_Problem to solve_:
Please copy, exactly as they appear below, the lines from the one containing "rel \<Rightarrow> 'a rel" through the one containing "text \<open>If \<open>x".
*** Opening of Material provided ***
section \<open>Eigenvalues of the transfer matrix and the theorem\<close>

lemma det_minus_smult_one_char_poly:
  fixes M :: "complex mat"
  assumes M: "M \<in> carrier_mat k k" and cp: "char_poly M = (\<Prod>z\<leftarrow>zs. [:- z, 1:])"
  shows "det (M - w \<cdot>\<^sub>m 1\<^sub>m k) = (-1) ^ k * (\<Prod>z\<leftarrow>zs. w - z)"
proof -
  have "- char_matrix M w = (-1) \<cdot>\<^sub>m (M - w \<cdot>\<^sub>m 1\<^sub>m k)"
    using M unfolding char_matrix_def by (intro eq_matI) auto
  then have "poly (char_poly M) w = (-1) ^ k * det (M - w \<cdot>\<^sub>m 1\<^sub>m k)"
    using char_poly_matrix[OF M] M by simp
  moreover have "poly (char_poly M) w = (\<Prod>z\<leftarrow>zs. w - z)"
    unfolding cp poly_prod_list by (simp add: o_def)
  ultimately show ?thesis by simp
qed

lemma sum_list_max_split:
  fixes a \<xi> :: real and f :: "'a \<Rightarrow> real"
  assumes "0 < a"
  shows "(\<Sum>z\<leftarrow>zs. max (a * \<xi>) (f z)) =
    (\<Sum>z\<leftarrow>zs. f z) + a * (\<Sum>z\<leftarrow>zs. if f z / a < \<xi> then \<xi> - f z / a else 0)"
proof -
  have "max (a * \<xi>) (f z) = f z + a * (if f z / a < \<xi> then \<xi> - f z / a else 0)" for z
    using assms by (auto simp: field_simps max_def)
  then show ?thesis by (simp add: sum_list_addf sum_list_const_mult)
qed

context block_tridiagonal
begin

lemma transfer_carrier: "transfer m n A B C E \<in> carrier_mat (2 * m) (2 * m)"
  unfolding transfer_def by (rule tprod_carrier) simp

lemma det_transfer_minus_smult_one:
  assumes "char_poly (transfer m n A B C E) = (\<Prod>z\<leftarrow>zs. [:- z, 1:])"
  shows "det (transfer m n A B C E - w \<cdot>\<^sub>m 1\<^sub>m (2 * m)) = (\<Prod>z\<leftarrow>zs. w - z)"
  using det_minus_smult_one_char_poly[OF transfer_carrier assms] by simp
(* Let $1 \leq p < +\infty$ and let $\mathbb{P}$ be a Borel probability measure over $\mathbb{R}$ (i.e. a probability measure defined on the Borel $\sigma$-algebra $\mathcal{B}_{\mathbb{R}}$ of $\mathbb{R}$). Then for every real number $M \geq 0$, the set of $M$-sensitive random variables is dense in $L^{p}(\mathbb{R}, \mathcal{B}_{\mathbb{R}}, \mathbb{P})$ with respect to the $L^{p}$-norm: for every $X \in L^{p}(\mathbb{R}, \mathcal{B}_{\mathbb{R}}, \mathbb{P})$ and every $\varepsilon > 0$ there is an $M$-sensitive random variable $Y$ with $\|Y - X\|_{L^{p}(\mathbb{P})} < \varepsilon$.
   Context: A Borel random variable on $\mathbb{R}$ is an $\mathbb{R}$-valued Borel-measurable function defined on $\mathbb{R}$. Given a real number $M \geq 0$, a Borel random variable $Y$ on $\mathbb{R}$ is called $M$-sensitive if and only if $Y \in L^{\infty}(\mathbb{R}, \mathcal{B}_{\mathbb{R}}, \mathbb{P})$, $Y$ is differentiable at Lebesgue-almost every point of $\mathbb{R}$, and $|Y'(x)| > M$ at every point $x$ at which $Y$ is differentiable. *)

theory Defs
  imports "HOL-Probability.Probability"
begin

definition Linfty :: "real measure \<Rightarrow> (real \<Rightarrow> real) \<Rightarrow> bool" where
  "Linfty P Y \<longleftrightarrow> Y \<in> borel_measurable P \<and> (\<exists>C. AE x in P. \<bar>Y x\<bar> \<le> C)"

definition M_sensitive :: "real measure \<Rightarrow> real \<Rightarrow> (real \<Rightarrow> real) \<Rightarrow> bool" where
  "M_sensitive P M Y \<longleftrightarrow>
     Linfty P Y \<and>
     (AE x in lebesgue. Y differentiable (at x)) \<and>
     (\<forall>x D. (Y has_real_derivative D) (at x) \<longrightarrow> \<bar>D\<bar> > M)"

definition Lp_mem :: "real measure \<Rightarrow> real \<Rightarrow> (real \<Rightarrow> real) \<Rightarrow> bool" where
  "Lp_mem P p X \<longleftrightarrow> X \<in> borel_measurable P \<and> integrable P (\<lambda>x. \<bar>X x\<bar> powr p)"

definition Lp_norm :: "real measure \<Rightarrow> real \<Rightarrow> (real \<Rightarrow> real) \<Rightarrow> real" where
  "Lp_norm P p X = (\<integral>x. \<bar>X x\<bar> powr p \<partial>P) powr (1 / p)"

end

theory Submission
  imports Defs
begin

(* Truncating X and rounding it down to a multiple of h gives a Borel function q with finitely
   many values.  By inner regularity every level set of q contains a compact set, and these
   compacts carry all but a small part of the mass and lie at positive distance from each
   other; so on a grid of mesh d below that distance, a step function \<phi>(floor(x/d)) reproduces q
   on the compacts.  Adding the sawtooth K (x - d floor(x/d)) with K > M and K d small moves the
   function only slightly, yet its derivative, wherever it exists, is K: on each half-open cell
   [d k, d (k + 1)) the function is affine of slope K, which determines the derivative from the
   right. *)

lemma floor_divide_eq_iff:
  fixes x d :: real
  assumes "d > 0"
  shows "\<lfloor>x / d\<rfloor> = k \<longleftrightarrow> d * k \<le> x \<and> x < d * (k + 1)"
  using assms by (simp add: floor_eq_iff pos_le_divide_eq pos_divide_less_eq mult.commute)

lemma dist_less_if_floor_divide_eq:
  fixes x y d :: real
  assumes "d > 0" "\<lfloor>x / d\<rfloor> = \<lfloor>y / d\<rfloor>"
  shows "dist x y < d"
  using floor_divide_eq_iff[OF assms(1), of x "\<lfloor>y / d\<rfloor>"]
    floor_divide_eq_iff[OF assms(1), of y "\<lfloor>y / d\<rfloor>"] assms(2)
  by (simp add: dist_real_def abs_less_iff algebra_simps)

definition sawtooth :: "(int \<Rightarrow> real) \<Rightarrow> real \<Rightarrow> real \<Rightarrow> real \<Rightarrow> real" where
  "sawtooth \<phi> d K x = \<phi> \<lfloor>x / d\<rfloor> + K * (x - d * \<lfloor>x / d\<rfloor>)"
(* Let $\alpha \in [0,1)$ and let $R$ be a total preorder on $\Omega$ such that $\mathcal{F}(\Omega(\mathbf{x}, R), \alpha)$ is nonempty for every $\mathbf{x} \in \Omega$. Then the pessimal bound $B_R^*$ is consistent with $R$.
   Context: Fix integers $m \ge 2$, $n \ge 1$ and reals $S_{\min} < S_{\max}$; $S = \{S_0,\dots,S_{m-1}\}$ with $S_k = S_{\min} + k\frac{S_{\max}-S_{\min}}{m-1}$. $\mathcal{F}$ is the set of probability distributions on $S$, identified with the probability simplex in $\mathbb{R}^m$ with the Euclidean topology; $E[F]$ is the mean. $\Omega$ is the set of samples of size $n$ from $S$, identified with their sorted versions $x_{(1)} \le \dots \le x_{(n)}$. $P_F[\Omega']$ is the probability that the sorted sample of $n$ i.i.d. draws from $F$ lies in $\Omega' \subseteq \Omega$. $\mathcal{G}(\Omega',\alpha) = \{F : P_F[\Omega'] > \alpha\}$ and $\mathcal{F}(\Omega',\alpha)$ is its closure. A total preorder $R$ on $\Omega$ is a reflexive transitive total relation $\lesssim_R$; $\mathbf{x} \sim_R \mathbf{y}$ means both $\mathbf{x}\lesssim_R\mathbf{y}$ and $\mathbf{y}\lesssim_R\mathbf{x}$, and $\mathbf{x} <_R \mathbf{y}$ means $\mathbf{x}\lesssim_R\mathbf{y}$ but not $\mathbf{x}\sim_R\mathbf{y}$; a total order is a total preorder whose equivalence classes are singletons. The upper set is $\Omega(\mathbf{x}, R) = \{\mathbf{y} \in \Omega : \mathbf{x} \lesssim_R \mathbf{y}\}$. The pessimal bound is $B_R^*(\mathbf{x}) = \min\{E[F] : F \in \mathcal{F}(\Omega(\mathbf{x},R),\alpha)\}$. A bound $B:\Omega\to\mathbb{R}$ is consistent with a total order $T$ if $\mathbf{x} \le_T \mathbf{y}$ implies $B(\mathbf{x}) \le B(\mathbf{y})$; a total order $T$ agrees with $R$ if $\mathbf{x} <_R \mathbf{y}$ implies $\mathbf{x} <_T \mathbf{y}$; $B$ is consistent with $R$ if it is consistent with every total order agreeing with $R$. *)

theory Defs
  imports "HOL-Analysis.Analysis"
begin

definition Sval :: "nat \<Rightarrow> real \<Rightarrow> real \<Rightarrow> nat \<Rightarrow> real" where
  "Sval m Smin Smax k = Smin + real k * (Smax - Smin) / real (m - 1)"

definition Ssupp :: "nat \<Rightarrow> real \<Rightarrow> real \<Rightarrow> real set" where
  "Ssupp m Smin Smax = Sval m Smin Smax ` {..<m}"

text \<open>Distributions on S: F is given by its weights p k = F({S_k}) for k < m,
  and p k = 0 for k >= m (so the set is a copy of the dist_simplex in R^m;
  the product topology on nat => real restricts to the Euclidean one on it).\<close>
definition dist_simplex :: "nat \<Rightarrow> (nat \<Rightarrow> real) set" where
  "dist_simplex m = {p. (\<forall>k<m. 0 \<le> p k) \<and> (\<forall>k. m \<le> k \<longrightarrow> p k = 0) \<and> (\<Sum>k<m. p k) = 1}"

definition mean :: "nat \<Rightarrow> real \<Rightarrow> real \<Rightarrow> (nat \<Rightarrow> real) \<Rightarrow> real" where
  "mean m Smin Smax p = (\<Sum>k<m. p k * Sval m Smin Smax k)"

text \<open>Omega: samples of size n from S, identified with their sorted versions.\<close>
definition samples :: "nat \<Rightarrow> nat \<Rightarrow> real \<Rightarrow> real \<Rightarrow> real list set" where
  "samples m n Smin Smax = {xs. length xs = n \<and> sorted xs \<and> set xs \<subseteq> Ssupp m Smin Smax}"

text \<open>Ordered i.i.d. draws, recorded by the indices of the drawn support points.\<close>
definition draws :: "nat \<Rightarrow> nat \<Rightarrow> nat list set" where
  "draws m n = {ks. length ks = n \<and> set ks \<subseteq> {..<m}}"

definition prob_sample :: "nat \<Rightarrow> nat \<Rightarrow> real \<Rightarrow> real \<Rightarrow> (nat \<Rightarrow> real) \<Rightarrow> real list set \<Rightarrow> real" where
  "prob_sample m n Smin Smax p \<Omega>' =
     (\<Sum>ks \<in> {ks \<in> draws m n. sort (map (Sval m Smin Smax) ks) \<in> \<Omega>'}. prod_list (map p ks))"

definition Gset :: "nat \<Rightarrow> nat \<Rightarrow> real \<Rightarrow> real \<Rightarrow> real list set \<Rightarrow> real \<Rightarrow> (nat \<Rightarrow> real) set" where
  "Gset m n Smin Smax \<Omega>' \<alpha> = {p \<in> dist_simplex m. prob_sample m n Smin Smax p \<Omega>' > \<alpha>}"

definition Fset :: "nat \<Rightarrow> nat \<Rightarrow> real \<Rightarrow> real \<Rightarrow> real list set \<Rightarrow> real \<Rightarrow> (nat \<Rightarrow> real) set" where
  "Fset m n Smin Smax \<Omega>' \<alpha> = closure (Gset m n Smin Smax \<Omega>' \<alpha>)"

definition total_preorder_on :: "'a set \<Rightarrow> 'a rel \<Rightarrow> bool" where
  "total_preorder_on A R \<longleftrightarrow>
     (\<forall>x\<in>A. (x, x) \<in> R) \<and>
     (\<forall>x\<in>A. \<forall>y\<in>A. \<forall>z\<in>A. (x, y) \<in> R \<longrightarrow> (y, z) \<in> R \<longrightarrow> (x, z) \<in> R) \<and>
     (\<forall>x\<in>A. \<forall>y\<in>A. (x, y) \<in> R \<or> (y, x) \<in> R)"

definition total_order_on :: "'a set \<Rightarrow> 'a rel \<Rightarrow> bool" where
  "total_order_on A T \<longleftrightarrow> total_preorder_on A T \<and>
     (\<forall>x\<in>A. \<forall>y\<in>A. (x, y) \<in> T \<longrightarrow> (y, x) \<in> T \<longrightarrow> x = y)"

definition strict_of :: "'a rel \<Rightarrow> 'a \<Rightarrow> 'a \<Rightarrow> bool" where
  "strict_of R x y \<longleftrightarrow> (x, y) \<in> R \<and> (y, x) \<notin> R"

definition upset :: "'a set \<Rightarrow> 'a rel \<Rightarrow> 'a \<Rightarrow> 'a set" where
  "upset A R x = {y \<in> A. (x, y) \<in> R}"

definition pessimal :: "nat \<Rightarrow> nat \<Rightarrow> real \<Rightarrow> real \<Rightarrow> real \<Rightarrow> real list rel \<Rightarrow> real list \<Rightarrow> real" where
  "pessimal m n Smin Smax \<alpha> R x =
     Inf (mean m Smin Smax ` Fset m n Smin Smax (upset (samples m n Smin Smax) R x) \<alpha>)"

definition consistent_with_order :: "'a set \<Rightarrow> ('a \<Rightarrow> real) \<Rightarrow> 'a rel \<Rightarrow> bool" where
  "consistent_with_order A B T \<longleftrightarrow> (\<forall>x\<in>A. \<forall>y\<in>A. (x, y) \<in> T \<longrightarrow> B x \<le> B y)"

definition agrees_with :: "'a set \<Rightarrow> 'a rel \<Rightarrow> 'a rel \<Rightarrow> bool" where
  "agrees_with A T R \<longleftrightarrow> (\<forall>x\<in>A. \<forall>y\<in>A. strict_of R x y \<longrightarrow> strict_of T x y)"

definition consistent_with_preorder :: "'a set \<Rightarrow> ('a \<Rightarrow> real) \<Rightarrow> 'a rel \<Rightarrow> bool" where
  "consistent_with_preorder A B R \<longleftrightarrow>
     (\<forall>T. total_order_on A T \<longrightarrow> agrees_with A T R \<longrightarrow> consistent_with_order A B T)"

end

theory Submission
  imports Defs
begin

text \<open>If \<open>x \<le>\<^sub>T y\<close> for a total order \<open>T\<close> agreeing with \<open>R\<close>, then \<open>x \<lesssim>\<^sub>R y\<close>, since otherwise
  totality of \<open>R\<close> gives \<open>y <\<^sub>R x\<close> and hence \<open>y <\<^sub>T x\<close>. So it suffices that \<open>B\<^sup>*\<^sub>R\<close> is
  monotone along \<open>R\<close>. By transitivity, \<open>x \<lesssim>\<^sub>R y\<close> gives \<open>\<Omega>(y,R) \<subseteq> \<Omega>(x,R)\<close>; \<open>P\<^sub>F\<close> is
  monotone in the event, so \<open>\<G>\<close> and its closure \<open>\<F>\<close> only grow from \<open>y\<close> to \<open>x\<close>, and the
  infimum of the mean over the larger set is smaller. The infima are finite because \<open>\<F>\<close>
  lies in the closed simplex, where every mean is at least \<open>S\<^sub>m\<^sub>i\<^sub>n\<close>.\<close>

lemma agrees_with_imp_preorder:
  assumes "total_preorder_on A R" "agrees_with A T R"
    and "x \<in> A" "y \<in> A" "(x, y) \<in> T"
  shows "(x, y) \<in> R"
proof (rule ccontr)
  assume "(x, y) \<notin> R"
  moreover from assms(1,3,4) have "(x, y) \<in> R \<or> (y, x) \<in> R"
    unfolding total_preorder_on_def by blast
  ultimately have "strict_of R y x"
    by (simp add: strict_of_def)
  with assms(2-4) have "strict_of T y x"
    by (simp add: agrees_with_def)
  with assms(5) show False
    by (simp add: strict_of_def)
qed

lemma consistent_with_preorder_if_monotone:
  assumes "total_preorder_on A R"
    and "\<And>x y. x \<in> A \<Longrightarrow> y \<in> A \<Longrightarrow> (x, y) \<in> R \<Longrightarrow> B x \<le> B y"
  shows "consistent_with_preorder A B R"
  unfolding consistent_with_preorder_def consistent_with_order_def
proof (intro allI impI ballI)
  fix T x y
  assume "agrees_with A T R" "x \<in> A" "y \<in> A" "(x, y) \<in> T"
  with assms(1) have "(x, y) \<in> R"
    by (rule agrees_with_imp_preorder)
  with \<open>x \<in> A\<close> \<open>y \<in> A\<close> show "B x \<le> B y"
    by (rule assms(2))
qed

lemma upset_antimono:
  assumes "total_preorder_on A R" "x \<in> A" "y \<in> A" "(x, y) \<in> R"
  shows "upset A R y \<subseteq> upset A R x"
proof
  fix z assume "z \<in> upset A R y"
  then have "z \<in> A" "(y, z) \<in> R"
    by (simp_all add: upset_def)
  with assms have "(x, z) \<in> R"
    unfolding total_preorder_on_def by blast
  with \<open>z \<in> A\<close> show "z \<in> upset A R x"
    by (simp add: upset_def)
qed

lemma finite_draws: "finite (draws m n)"
proof -
  have "draws m n = {ks. set ks \<subseteq> {..<m} \<and> length ks = n}"
    by (auto simp: draws_def)
  then show ?thesis
    by (simp add: finite_lists_length_eq)
qed

lemma prob_sample_mono:
  assumes "p \<in> dist_simplex m" "A \<subseteq> B"
  shows "prob_sample m n Smin Smax p A \<le> prob_sample m n Smin Smax p B"
  unfolding prob_sample_def
proof (rule sum_mono2)
  let ?event = "\<lambda>E. {ks \<in> draws m n. sort (map (Sval m Smin Smax) ks) \<in> E}"
  show "finite (?event B)"
    by (simp add: finite_draws)
  show "?event A \<subseteq> ?event B"
    using assms(2) by auto
  fix ks assume "ks \<in> ?event B - ?event A"
  then have "set ks \<subseteq> {..<m}"
    by (auto simp: draws_def)
  with assms(1) show "0 \<le> prod_list (map p ks)"
    by (intro prod_list_nonneg) (auto simp: dist_simplex_def)
qed

lemma Gset_mono:
  assumes "A \<subseteq> B"
  shows "Gset m n Smin Smax A \<alpha> \<subseteq> Gset m n Smin Smax B \<alpha>"
proof
  fix p assume "p \<in> Gset m n Smin Smax A \<alpha>"
  then have p: "p \<in> dist_simplex m" "\<alpha> < prob_sample m n Smin Smax p A"
    by (auto simp: Gset_def)
  moreover have "prob_sample m n Smin Smax p A \<le> prob_sample m n Smin Smax p B"
    using p(1) assms by (rule prob_sample_mono)
  ultimately show "p \<in> Gset m n Smin Smax B \<alpha>"
    by (simp add: Gset_def)
qed

lemma Fset_mono:
  "A \<subseteq> B \<Longrightarrow> Fset m n Smin Smax A \<alpha> \<subseteq> Fset m n Smin Smax B \<alpha>"
  unfolding Fset_def by (intro closure_mono Gset_mono)

lemma closed_dist_simplex: "closed (dist_simplex m)"
proof -
  have coordinate: "continuous_on UNIV (\<lambda>p :: nat \<Rightarrow> real. p k)" for k
    by (rule continuous_on_product_coordinates)
  have total: "continuous_on UNIV (\<lambda>p :: nat \<Rightarrow> real. \<Sum>k<m. p k)"
    by (intro continuous_intros coordinate)
  have "dist_simplex m = (\<Inter>k<m. {p. 0 \<le> p k}) \<inter> (\<Inter>k\<in>{m..}. {p. p k = 0})
      \<inter> {p. (\<Sum>k<m. p k) = 1}"
    by (auto simp: dist_simplex_def)
  also have "closed \<dots>"
    by (intro closed_Int closed_INT ballI closed_Collect_le closed_Collect_eq
        continuous_on_const coordinate total)
  finally show ?thesis .
qed

lemma Fset_subset_dist_simplex: "Fset m n Smin Smax A \<alpha> \<subseteq> dist_simplex m"
  unfolding Fset_def
  by (rule closure_minimal) (auto simp: Gset_def closed_dist_simplex)

lemma Sval_ge_Smin: "Smin \<le> Smax \<Longrightarrow> Smin \<le> Sval m Smin Smax k"
  by (simp add: Sval_def)

lemma mean_ge_Smin:
  assumes "Smin \<le> Smax" "p \<in> dist_simplex m"
  shows "Smin \<le> mean m Smin Smax p"
proof -
  have "Smin = (\<Sum>k<m. p k * Smin)"
    using assms(2) by (simp add: dist_simplex_def flip: sum_distrib_right)
  also have "\<dots> \<le> (\<Sum>k<m. p k * Sval m Smin Smax k)"
    using assms by (intro sum_mono mult_left_mono Sval_ge_Smin) (auto simp: dist_simplex_def)
  finally show ?thesis
    by (simp add: mean_def)
qed

lemma bdd_below_mean_Fset:
  assumes "Smin \<le> Smax"
  shows "bdd_below (mean m Smin Smax ` Fset m n Smin Smax A \<alpha>)"
proof (rule bdd_belowI2)
  fix p assume "p \<in> Fset m n Smin Smax A \<alpha>"
  with Fset_subset_dist_simplex have "p \<in> dist_simplex m" ..
  with assms show "Smin \<le> mean m Smin Smax p"
    by (rule mean_ge_Smin)
qed

lemma pessimal_mono:
  assumes "Smin \<le> Smax" "total_preorder_on (samples m n Smin Smax) R"
    and "x \<in> samples m n Smin Smax" "y \<in> samples m n Smin Smax" "(x, y) \<in> R"
    and "Fset m n Smin Smax (upset (samples m n Smin Smax) R y) \<alpha> \<noteq> {}"
  shows "pessimal m n Smin Smax \<alpha> R x \<le> pessimal m n Smin Smax \<alpha> R y"
proof -
  have "upset (samples m n Smin Smax) R y \<subseteq> upset (samples m n Smin Smax) R x"
    using assms(2-5) by (rule upset_antimono)
  then show ?thesis
    unfolding pessimal_def
    using assms(1,6)
    by (intro cInf_superset_mono image_mono Fset_mono bdd_below_mean_Fset) auto
qed

theorem lemma4:
  fixes m n :: nat and Smin Smax \<alpha> :: real and R :: "real list rel"
  assumes "m \<ge> 2" and "n \<ge> 1" and "Smin < Smax"
    and "0 \<le> \<alpha>" and "\<alpha> < 1"
    and "total_preorder_on (samples m n Smin Smax) R"
    and "\<forall>x \<in> samples m n Smin Smax.
           Fset m n Smin Smax (upset (samples m n Smin Smax) R x) \<alpha> \<noteq> {}"
  shows "consistent_with_preorder (samples m n Smin Smax) (pessimal m n Smin Smax \<alpha> R) R"
proof (rule consistent_with_preorder_if_monotone[OF assms(6)])
  fix x y
  assume "x \<in> samples m n Smin Smax" "y \<in> samples m n Smin Smax" "(x, y) \<in> R"
  with assms(3,6,7) show "pessimal m n Smin Smax \<alpha> R x \<le> pessimal m n Smin Smax \<alpha> R y"
    by (intro pessimal_mono) auto
qed

end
*** Close of Material provided ***
_Task result_:
definition agrees_with :: "'a set \<Rightarrow> 'a rel \<Rightarrow> 'a rel \<Rightarrow> bool" where
  "agrees_with A T R \<longleftrightarrow> (\<forall>x\<in>A. \<forall>y\<in>A. strict_of R x y \<longrightarrow> strict_of T x y)"

definition consistent_with_preorder :: "'a set \<Rightarrow> ('a \<Rightarrow> real) \<Rightarrow> 'a rel \<Rightarrow> bool" where
  "consistent_with_preorder A B R \<longleftrightarrow>
     (\<forall>T. total_order_on A T \<longrightarrow> agrees_with A T R \<longrightarrow> consistent_with_order A B T)"

end

theory Submission
  imports Defs
begin

text \<open>If \<open>x \<le>\<^sub>T y\<close> for a total order \<open>T\<close> agreeing with \<open>R\<close>, then \<open>x \<lesssim>\<^sub>R y\<close>, since otherwise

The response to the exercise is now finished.